Amid the evolving landscape of Foreign Information Manipulation and Interference (FIMI), strategic communication plays a crucial role in sustaining public trust and defending democratic values.
As part of ADAC.io’s ongoing efforts to explore innovative responses to FIMI, we spoke with Professor Martin Innes, Director of the Security, Crime and Intelligence Innovation Institute at Cardiff University and an ADAC.io project partner.

In this conversation, Professor Innes shares his insights on attribution challenges, the hidden costs of over-attribution, the limitations of fear-based messaging, and the unexpected power of humor in public communication. From tactical disruptions to long-term cognitive effects, his perspective highlights the complexity of countering FIMI in today’s information environment.

What are the current challenges in attribution and measuring impact?

“We’ve got a real attribution challenge, and we’ve got a real effect measurement challenge. […] Attribution has gotten harder, there are restrictions on data, and adversaries have gotten sharper and better. […] And of course, there’s the whole outsourcing factor and the deliberate obfuscation of links.”

“One of the errors we sometimes make is applying our lenses, our values, and our concepts to what we think is going on. But actually, I think […] we need to be trying to put ourselves into the minds of the people designing the campaigns against us.”

“We’re trying to measure tactical effect. Our adversaries are thinking in terms of strategic effect. The doctrine of active measures is to identify the pain points—the weaknesses in your target—and work those. Exploit them. Manipulate them. It’s not about introducing something new. […] They’re not expecting a single operation to have a defined effect. What they’re interested in is the cumulative aggregation of these things over time.”

What are the most difficult FIMI tactics to detect or counter?

“One is the highly visible, highly noisy, very volume-based kind of ‘flood-the-zone’ tactics, which are becoming easily accessible through the operationalization of AI and LLM models.
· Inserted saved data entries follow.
(* Let $q$ be a prime power with $q\equiv2\pmod 3$, let $m,n$ be positive integers, let $\omega\in\mathbb{F}_{q^2}$ be an element of multiplicative order $3$, and let $\varepsilon\in\mathbb{F}_q^*\cup\{\pm\omega,\pm\omega^2\}$. Put $f(x)=(x+x^q)^m+\varepsilon(x+\omega x^q)^n$. Then: (i) if $\varepsilon\in\mathbb{F}_q^*$, $f$ permutes $\mathbb{F}_{q^2}$ if and only if $\gcd(mn,q-1)=1$ and $3\nmid n$; (ii) if $\varepsilon=\pm\omega$, $f$ permutes $\mathbb{F}_{q^2}$ if and only if $\gcd(mn,q-1)=1$ and $n\not\equiv1\pmod3$; (iii) if $\varepsilon=\pm\omega^2$, $f$ permutes $\mathbb{F}_{q^2}$ if and only if $\gcd(mn,q-1)=1$ and $n\not\equiv2\pmod3$.
   Context: $f$ permutes $\mathbb{F}_{q^2}$ means the map $x\mapsto f(x)$ on $\mathbb{F}_{q^2}$ is bijective. *)

theory Defs
  imports "HOL-Computational_Algebra.Primes"
begin

definition subfield_Fq :: "nat \<Rightarrow> 'a::field set" where
  "subfield_Fq q = {x. x ^ q = x}"

end

theory Submission
  imports Defs "HOL-Number_Theory.Residues" "HOL-Computational_Algebra.Polynomial"
begin
lemma homogeneous_decomp_exists: "\<exists>S c. homogeneous_decomp x S c"
proof -
  let ?P = "{x. \<exists>S c. homogeneous_decomp x S c}"
  have "V.subspace ?P"
  proof (rule V.subspaceI)
    show "0 \<in> ?P" by (auto simp: homogeneous_decomp_def intro!: exI[of _ "{}"])
  next
    fix x y assume "x \<in> ?P" "y \<in> ?P"
    then obtain S c S' c' where d: "homogeneous_decomp x S c" "homogeneous_decomp y S' c'" by blast
    define c'' where "c'' i = (if i \<in> S then c i else 0) + (if i \<in> S' then c' i else 0)" for i
    have "homogeneous_decomp (x + y) (S \<union> S') c''"
      using d unfolding homogeneous_decomp_def c''_def
      by (auto simp: sum.distrib sum_restrict_to_subset intro!: G_add)
    then show "x + y \<in> ?P" by blast
  next
    fix k x assume "x \<in> ?P"
    then obtain S c where "homogeneous_decomp x S c" by blast
    then have "homogeneous_decomp (smul k x) S (\<lambda>i. smul k (c i))"
      unfolding homogeneous_decomp_def by (auto simp: V.scale_sum_right intro!: G_scale)
    then show "smul k x \<in> ?P" by blast
  qed
  moreover have "(\<Union>a l. G a l) \<subseteq> ?P"
  proof
    fix x assume "x \<in> (\<Union>a l. G a l)"
    then obtain a l where "x \<in> G a l" by blast
    then have "homogeneous_decomp x {(a, l)} (\<lambda>_. x)" unfolding homogeneous_decomp_def by auto
    then show "x \<in> ?P" by blast
  qed
  ultimately have "V.span (\<Union>a l. G a l) \<subseteq> ?P" by (rule V.span_minimal[rotated])
  then show ?thesis using G_spanning by blast
qed

lemma homogeneous_decomp_unique:
  assumes "homogeneous_decomp x S c" "homogeneous_decomp x S' c'"
  shows "(if i \<in> S then c i else 0) = (if i \<in> S' then c' i else 0)"
proof -
  define d where "d j = (if j \<in> S then c j else 0) - (if j \<in> S' then c' j else 0)" for j
  have fin: "finite (S \<union> S')" using assms unfolding homogeneous_decomp_def by auto
  have "sum d (S \<union> S') = sum c S - sum c' S'"
    unfolding d_def using fin by (simp add: sum_subtractf sum_restrict_to_subset)
  also have "\<dots> = 0" using assms unfolding homogeneous_decomp_def by simp
  finally have "sum d (S \<union> S') = 0" .
  moreover have "d j \<in> G (fst j) (snd j)" if "j \<in> S \<union> S'" for j
    unfolding d_def by (rule G_diff) (use assms in \<open>auto simp: homogeneous_decomp_def\<close>)
  ultimately have "\<forall>j\<in>S \<union> S'. d j = 0" using G_independent[OF fin] by blast
  then show ?thesis unfolding d_def by (cases "i \<in> S \<union> S'") auto
qed

definition hcomp :: "'r \<times> (nat \<Rightarrow> int) \<Rightarrow> 'L \<Rightarrow> 'L" where
  "hcomp i x = (THE y. \<exists>S c. homogeneous_decomp x S c \<and> y = (if i \<in> S then c i else 0))"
Each individual case may have minimal effect on its own, but it can aggregate into something significant because there’s just so much of it.”

“The second issue is the extent to which this might be a deliberate misdirection or distraction. It consumes so much bandwidth and effort that we’re not really able to look for the more insidious, manipulative kinds of things we ought to be worrying about.”

What gaps remain in detection and public communication?

“There are still things that we can attribute with high confidence […] but there’s a lot now where we’re left saying, ‘I don’t know. It could be.’”

“One of the pressures is the tendency to engage in what we’ve referred to as over-attribution. […] We spent more time trying to debunk claims that didn’t meet the evidential threshold than actually being able to investigate and follow the things that truly mattered.”

“We’ve got a particular gap in understanding how manipulated information moves between domestic and international domains. […] Most democratic governments want to draw a distinction between domestic counter-intelligence and international offensive problems. But information doesn’t work like that anymore.”

“We need to be able to say: this is the kind of content that causes harm and warrants a response versus the noise we’re just going to have to learn to live with.”

Why is public trust essential in countering FIMI?

“Trust is absolutely critical in terms of everything that we do in this space. One of the things we know about what our adversaries are trying to do when they run information operations is degrade and destroy trusted institutions. […] The broader issue is: how do we sustain sufficient levels of trust in our democratic institutions and in democracy as an institution so that the kinds of governance, the kinds of systems, and the kinds of lives and freedoms that we all enjoy can be preserved?”

“I’ve started thinking in terms of the interconnection between truth, trust and togetherness. […] It’s not just about taking information operations in isolation, but about connecting them to other parts of the democratic ecosystem.”

What role can humor play in public messaging?

“We ran this experiment with the Metropolitan Police in London. We prepared an alternative messaging campaign based around a cartoon cat dressed as a policeman. We called him Cop Cat. We tested the Metropolitan Police’s standard messaging alongside our cartoon cat. Both received the same degree of attention.

“What was different, though, was that when we surveyed people who were exposed to the Met Police’s standard crime prevention messaging campaign, we saw an uptick in their fear of crime because they were being told to be afraid. Fear-based messaging led to side effects—the negative side effects to avoid. We didn’t get that with the comedy cat campaign. Similar levels of awareness, similar levels of effect, but just without the negative side effects.”

“Some of the best countermeasures I’ve seen in strategic communications have been funny. It’s been quite interesting to see how some of the content that works against us is also funny. Some of the memes are quite creative, clever, and fun. And yet, we’re trying to counter that with very straight-laced factual messaging. It doesn’t achieve the same level of cut-through.”

Any final advice for those working in the FIMI space?

“Look back on the history. If you read some of the history of active measures and some of what the KGB was doing […] albeit it’s digitally enabled and albeit they are hacking information, they’re also hacking human brains and exploiting human emotions and cognitive patterns.”

Cardiff University joins ADAC.io through its Security, Crime, and Intelligence Innovation Institute, contributing research on how foreign information threats evolve—and how strategic communication can help build democratic resilience.